Yugoslavia 1999

Soldiers of the Third Battallion Princess Patricia's Canadian Light Infantry Battle Group received their NATO medal for Service in the former Yugoslavia on Canada Day. (National Post)

Soldiers of the Third Battallion Princess Patricia's Canadian Light Infantry Battle Group received their NATO medal for Service in the former Yugoslavia on Canada Day. (National Post)

Eighteen Canadian CF-18 fighter aircrafts participated in NATO’s 78-day bombing of Serbia in the spring of 1999. The CF-18s dropped 530 bombs in 682 sorties — approximately 10 percent of NATO’s bombing runs. Hundreds died during the bombing and hundreds of thousands were displaced in a war that contravened international law.

Contrary to the mainstream media’s characterization of the campaign, NATO’s bombing of Yugoslavia spurred the ethnic cleansing it claimed to be curbing. Noam Chomsky, in A New Generation Draws the Line (2012), writes: “The State Department’s analysis showed that ‘the crimes of [Serbian president Slobodan] Milosevic’s willing executioners’ were not a motive for the bombing: the crimes followed the bombing, according to the State Department’s definitive case against Milosevic, and were precipitated by it, it is only rational to assume.”

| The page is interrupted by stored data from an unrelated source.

lemma Gamma_ratio_le:
  fixes s t b q :: real
  assumes s: "0 < s" and t: "0 < t" and b: "0 \<le> b" "b \<le> q"
  shows "Gamma (s + b) / Gamma s \<le> t powr b + t powr b / t powr q * (Gamma (s + q) / Gamma s)"
proof -
  interpret prob_space "gamma_measure s 1"
    using s by (simp add: prob_space_gamma_measure)
  have "ennreal (Gamma (s + b) / Gamma s) = (\<integral>\<^sup>+u. ennreal (u powr b) \<partial>gamma_measure s 1)"
    using s b by (simp add: nn_integral_gamma_measure_powr)
  also have "\<dots> \<le> (\<integral>\<^sup>+u. ennreal (t powr b) + ennreal (t powr b / t powr q) * ennreal (u powr q) \<partial>gamma_measure s 1)"
  proof (intro nn_integral_mono_AE eventually_mono[OF AE_gamma_measure_pos])
    fix u :: real assume "0 < u"
    then have "u powr b \<le> t powr b + t powr b / t powr q * u powr q"
      using powr_le_powr_plus_powr[OF _ t b] by simp
    then show "ennreal (u powr b) \<le> ennreal (t powr b) + ennreal (t powr b / t powr q) * ennreal (u powr q)"
      by (simp add: ennreal_mult'[symmetric] ennreal_plus[symmetric] del: ennreal_plus)
  qed
  also have "\<dots> = ennreal (t powr b) + ennreal (t powr b / t powr q) * ennreal (Gamma (s + q) / Gamma s)"
    using s b by (simp add: nn_integral_add nn_integral_cmult emeasure_space_1[simplified] nn_integral_gamma_measure_powr)
  also have "\<dots> = ennreal (t powr b + t powr b / t powr q * (Gamma (s + q) / Gamma s))"
    using s b by (simp add: ennreal_mult'[symmetric] ennreal_plus[symmetric] del: ennreal_plus)
  finally show ?thesis
    using s b by (subst (asm) ennreal_le_iff) auto
qed

lemma pochhammer_le_power:
  fixes s :: real
  assumes "0 \<le> s"
  shows "pochhammer s q \<le> (s + real q) ^ q"
proof -
  have "pochhammer s q = (\<Prod>i<q. s + real i)"
    by (simp add: pochhammer_prod atLeast0LessThan)
  also have "\<dots> \<le> (\<Prod>i<q. s + real q)"
    using assms by (intro prod_mono) auto
  finally show ?thesis
    by simp
qed

lemma suminf_poisson_weight_Gamma_ratio_le_powr:
  assumes a: "0 < a" and b: "0 \<le> b" "b \<le> real q" and m: "0 \<le> m"
  shows "(\<Sum>k. ennreal (poisson_weight m k * (Gamma (a + real k + b) / Gamma (a + real k))))
       \<le> ennreal (2 * (m + a + 2 * real q) powr b)"
proof -
  \<comment> \<open>This \<open>t\<close> bounds \<open>E[(K + a + q) ^ q]\<close> by \<open>t ^ q\<close>, so both terms of the interpolation are \<open>t powr b\<close>.\<close>
  define t where "t = m + a + 2 * real q"
  have t: "0 < t"
    using a m by (simp add: t_def)
  have w: "0 \<le> poisson_weight m k" for k
    using m by (rule poisson_weight_nonneg)
  have ratio: "Gamma (a + real k + b) / Gamma (a + real k)
      \<le> t powr b + t powr b / t ^ q * (real k + (a + real q)) ^ q" for k
  proof -
    have "Gamma (a + real k + real q) / Gamma (a + real k) = pochhammer (a + real k) q"
      using a by (simp add: pochhammer_Gamma nonpos_Ints_def)
    also have "\<dots> \<le> (real k + (a + real q)) ^ q"
      using pochhammer_le_power[of "a + real k" q] a by (simp add: add_ac)
    finally have "t powr b / t ^ q * (Gamma (a + real k + real q) / Gamma (a + real k))
        \<le> t powr b / t ^ q * (real k + (a + real q)) ^ q"
      using t by (intro mult_left_mono) auto
    with Gamma_ratio_le[of "a + real k" t b "real q"] a t b show ?thesis
      by (simp add: powr_realpow)
  qed
  have "(\<Sum>k. ennreal (poisson_weight m k * (Gamma (a + real k + b) / Gamma (a + real k))))
      \<le> (\<Sum>k. ennreal (t powr b) * ennreal (poisson_weight m k)
             + ennreal (t powr b / t ^ q) * ennreal (poisson_weight m k * (real k + (a + real q)) ^ q))"
  proof (rule suminf_le)
    fix k
    have "poisson_weight m k * (Gamma (a + real k + b) / Gamma (a + real k))
        \<le> t powr b * poisson_weight m k + t powr b / t ^ q * (poisson_weight m k * (real k + (a + real q)) ^ q)"
      using mult_left_mono[OF ratio w] by (simp add: algebra_simps)
    then show "ennreal (poisson_weight m k * (Gamma (a + real k + b) / Gamma (a + real k)))
        \<le> ennreal (t powr b) * ennreal (poisson_weight m k)
          + ennreal (t powr b / t ^ q) * ennreal (poisson_weight m k * (real k + (a + real q)) ^ q)"
      using t a w[of k] by (simp add: ennreal_mult'[symmetric] ennreal_plus[symmetric] del: ennreal_plus)
  qed auto
  also have "\<dots> = ennreal (t powr b) * (\<Sum>k. ennreal (poisson_weight m k))
      + ennreal (t powr b / t ^ q) * (\<Sum>k. ennreal (poisson_weight m k * (real k + (a + real q)) ^ q))"
    by (simp add: suminf_add[symmetric])
  also have "\<dots> \<le> ennreal (t powr b) * 1 + ennreal (t powr b / t ^ q) * ennreal (t ^ q)"
    using a suminf_poisson_weight_power_le[OF m, of "a + real q" q]
    by (intro add_mono mult_left_mono) (simp_all add: suminf_poisson_weight[OF m] t_def add_ac)
  also have "\<dots> = ennreal (2 * t powr b)"
    using t by (simp add: ennreal_mult'[symmetric] ennreal_plus[symmetric] del: ennreal_plus)
  finally show ?thesis
    by (simp add: t_def)
qed

lemma powr_add_le:
  fixes m C b :: real
  assumes m: "0 \<le> m" and C: "0 \<le> C" and b: "0 \<le> b"
  shows "(m + C) powr b \<le> 2 powr b * max 1 (C powr b) * (1 + m powr b)"
proof -
  have "(m + C) powr b \<le> (2 * max m C) powr b"
    using m C b by (intro powr_mono2) auto
  also have "\<dots> = 2 powr b * max m C powr b"
    using m C by (simp add: powr_mult)
  also have "max m C powr b \<le> m powr b + C powr b"
    by (simp add: max_def)
  also have "\<dots> \<le> max 1 (C powr b) * (1 + m powr b)"
    using mult_right_mono[of 1 "max 1 (C powr b)" "m powr b"] by (simp add: algebra_simps)
  finally show ?thesis
    by (simp add: mult_left_mono mult.assoc)
qed

lemma suminf_poisson_weight_Gamma_ratio_bound:
  assumes a: "0 < a" and ab: "0 < a + b"
  obtains D where "0 \<le> D" and "\<And>m. 0 \<le> m \<Longrightarrow>
    (\<Sum>k. ennreal (poisson_weight m k * (Gamma (a + real k + b) / Gamma (a + real k))))
      \<le> ennreal (D * (1 + m powr b))"
proof (cases "b \<le> 0")
  case True
  define D where "D = Gamma (a + b) / Gamma a"
  have D: "0 \<le> D"
    using a ab by (simp add: D_def)
  have ratio: "Gamma (a + real k + b) / Gamma (a + real k) \<le> D" for k
  proof -
    have "pochhammer (a + b) k \<le> pochhammer a k"
      unfolding pochhammer_prod using True ab by (intro prod_mono) auto
    then have "pochhammer (a + b) k / pochhammer a k \<le> 1"
      using a by (simp add: pochhammer_pos)
    then show ?thesis
      unfolding Gamma_ratio_shift[OF a ab] D_def[symmetric] using D by (rule mult_left_le)
  qed
  show ?thesis
  proof (rule that)
    show "0 \<le> D"
      by (rule D)
    fix m :: real assume m: "0 \<le> m"
    have "(\<Sum>k. ennreal (poisson_weight m k * (Gamma (a + real k + b) / Gamma (a + real k))))
        \<le> (\<Sum>k. ennreal (poisson_weight m k) * ennreal D)"
    proof (rule suminf_le)
      fix k
      show "ennreal (poisson_weight m k * (Gamma (a + real k + b) / Gamma (a + real k)))
          \<le> ennreal (poisson_weight m k) * ennreal D"
        using mult_left_mono[OF ratio poisson_weight_nonneg[OF m]] poisson_weight_nonneg[OF m, of k]
        by (simp add: ennreal_mult'[symmetric] ennreal_leI)
    qed auto
    also have "\<dots> = ennreal D"
      by (simp add: suminf_poisson_weight[OF m])
    also have "\<dots> \<le> ennreal (D * (1 + m powr b))"
      using D by (intro ennreal_leI) (simp add: mult_le_cancel_left1)
    finally show "(\<Sum>k. ennreal (poisson_weight m k * (Gamma (a + real k + b) / Gamma (a + real k))))
        \<le> ennreal (D * (1 + m powr b))" .
  qed
next
  case False
  define q where "q = nat \<lceil>b\<rceil>"
  define C where "C = a + 2 * real q"
  have b: "0 \<le> b" "b \<le> real q"
    using False by (auto simp: q_def)
  show ?thesis
  proof (rule that[of "2 * (2 powr b * max 1 (C powr b))"])
    fix m :: real assume m: "0 \<le> m"
    have "(m + C) powr b \<le> 2 powr b * max 1 (C powr b) * (1 + m powr b)"
      using a m b by (intro powr_add_le) (auto simp: C_def)
    then show "(\<Sum>k. ennreal (poisson_weight m k * (Gamma (a + real k + b) / Gamma (a + real k))))
        \<le> ennreal (2 * (2 powr b * max 1 (C powr b)) * (1 + m powr b))"
      using suminf_poisson_weight_Gamma_ratio_le_powr[OF a b m]
      by (elim order_trans) (simp add: C_def add.assoc ennreal_leI)
  qed simp
qed

lemma poisson_weight_Gamma_ratio_sums:
  assumes a: "0 < a" and ab: "0 < a + b" and m: "0 \<le> m"
  shows "(\<lambda>k. poisson_weight m k * (Gamma (a + real k + b) / Gamma (a + real k)))
           sums (Gamma (a + b) / Gamma a * (exp (- m) * kummer_1F1 (a + b) a m))"
proof -
  define K where "K = Gamma (a + b) / Gamma a * exp (- m)"
  define t where "t k = pochhammer (a + b) k / pochhammer a k * m ^ k / fact k" for k
  have K: "0 < K"
    using a ab by (simp add: K_def)
  have summand: "poisson_weight m k * (Gamma (a + real k + b) / Gamma (a + real k)) = K * t k" for k
    by (simp add: Gamma_ratio_shift[OF a ab] poisson_weight_def K_def t_def mult_ac)
  obtain D where D: "\<And>m. 0 \<le> m \<Longrightarrow>
      (\<Sum>k. ennreal (poisson_weight m k * (Gamma (a + real k + b) / Gamma (a + real k)))) \<le> ennreal (D * (1 + m powr b))"
    using suminf_poisson_weight_Gamma_ratio_bound[OF a ab] by blast
  have "(\<Sum>k. ennreal (K * t k)) \<le> ennreal (D * (1 + m powr b))"
    using D[OF m] unfolding summand .
  then have "(\<Sum>k. ennreal (K * t k)) \<noteq> \<top>"
    using ennreal_less_top[of "D * (1 + m powr b)"] by (auto simp: top_unique)
  moreover have "0 \<le> K * t k" for k
    unfolding t_def using K a ab m
    by (intro mult_nonneg_nonneg divide_nonneg_nonneg) (simp_all add: less_imp_le pochhammer_pos)
  ultimately have "summable (\<lambda>k. K * t k)"
    by (intro summable_suminf_not_top)
  then have "summable t"
    using K by simp
  moreover have "kummer_1F1 (a + b) a m = suminf t"
    unfolding kummer_1F1_def t_def ..
  ultimately have "t sums kummer_1F1 (a + b) a m"
    by (simp add: summable_sums)
  from sums_mult[OF this, of K] show ?thesis
    unfolding summand by (simp add: K_def mult.assoc)
qed

lemma exp_kummer_1F1_bound:
  assumes a: "0 < a" and ab: "0 < a + b"
  obtains D where "0 \<le> D"
    and "\<And>m. 0 \<le> m \<Longrightarrow> 0 \<le> Gamma (a + b) / Gamma a * (exp (- m) * kummer_1F1 (a + b) a m)"
    and "\<And>m. 0 \<le> m \<Longrightarrow> Gamma (a + b) / Gamma a * (exp (- m) * kummer_1F1 (a + b) a m) \<le> D * (1 + m powr b)"
proof -
  obtain D where "0 \<le> D" and D: "\<And>m. 0 \<le> m \<Longrightarrow>
      (\<Sum>k. ennreal (poisson_weight m k * (Gamma (a + real k + b) / Gamma (a + real k)))) \<le> ennreal (D * (1 + m powr b))"
    using suminf_poisson_weight_Gamma_ratio_bound[OF a ab] by blast
  have summand_nonneg: "0 \<le> poisson_weight m k * (Gamma (a + real k + b) / Gamma (a + real k))" if "0 \<le> m" for m k
    using a ab that by (simp add: poisson_weight_nonneg)
  show ?thesis
  proof (rule that[OF \<open>0 \<le> D\<close>])
    fix m :: real assume m: "0 \<le> m"
    note sums = poisson_weight_Gamma_ratio_sums[OF a ab m]
    show "0 \<le> Gamma (a + b) / Gamma a * (exp (- m) * kummer_1F1 (a + b) a m)"
      using sums_le[of "\<lambda>_. 0" _ 0, OF _ sums_zero sums] summand_nonneg[OF m] by simp
    show "Gamma (a + b) / Gamma a * (exp (- m) * kummer_1F1 (a + b) a m) \<le> D * (1 + m powr b)"
      using D[OF m] \<open>0 \<le> D\<close> unfolding suminf_ennreal_eq[OF summand_nonneg[OF m] sums] by simp
  qed
qed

NATO leaders claimed humanitarian motives for bombing Serbia, but their actions were largely driven by frustration with Yugoslavia’s failure to follow US and Western European imposed economic and political changes. “It was Yugoslavia’s resistance to the broader trends of political and economic reform — not the plight of Kosovar Albanians — that best explains NATO’s war,” wrote John Norris, assistant to Strobe Talbott, who was the US official responsible for diplomacy during the war and who wrote a glowing introduction to Norris’s book.

Canadian Supreme Court Judge Louise Arbour, who presided over the International Criminal Tribunal for the former Yugoslavia (ICTY), played an important role in justifying NATO’s bombing of Serbia. Just prior to the bombing, Arbour brought along the international media for a stunt where she claimed Milosevic was blocking her from investigating a massacre in the Kosovar village of Racak. Subsequent investigations into what happened at Racak were inconclusive despite widespread reporting of a Serbian massacre. This “massacre” was an important part of NATO’s justification for bombing. While quick to blame Serbian leaders for human rights violations, Arbour ignored evidence of Western leaders’ crimes.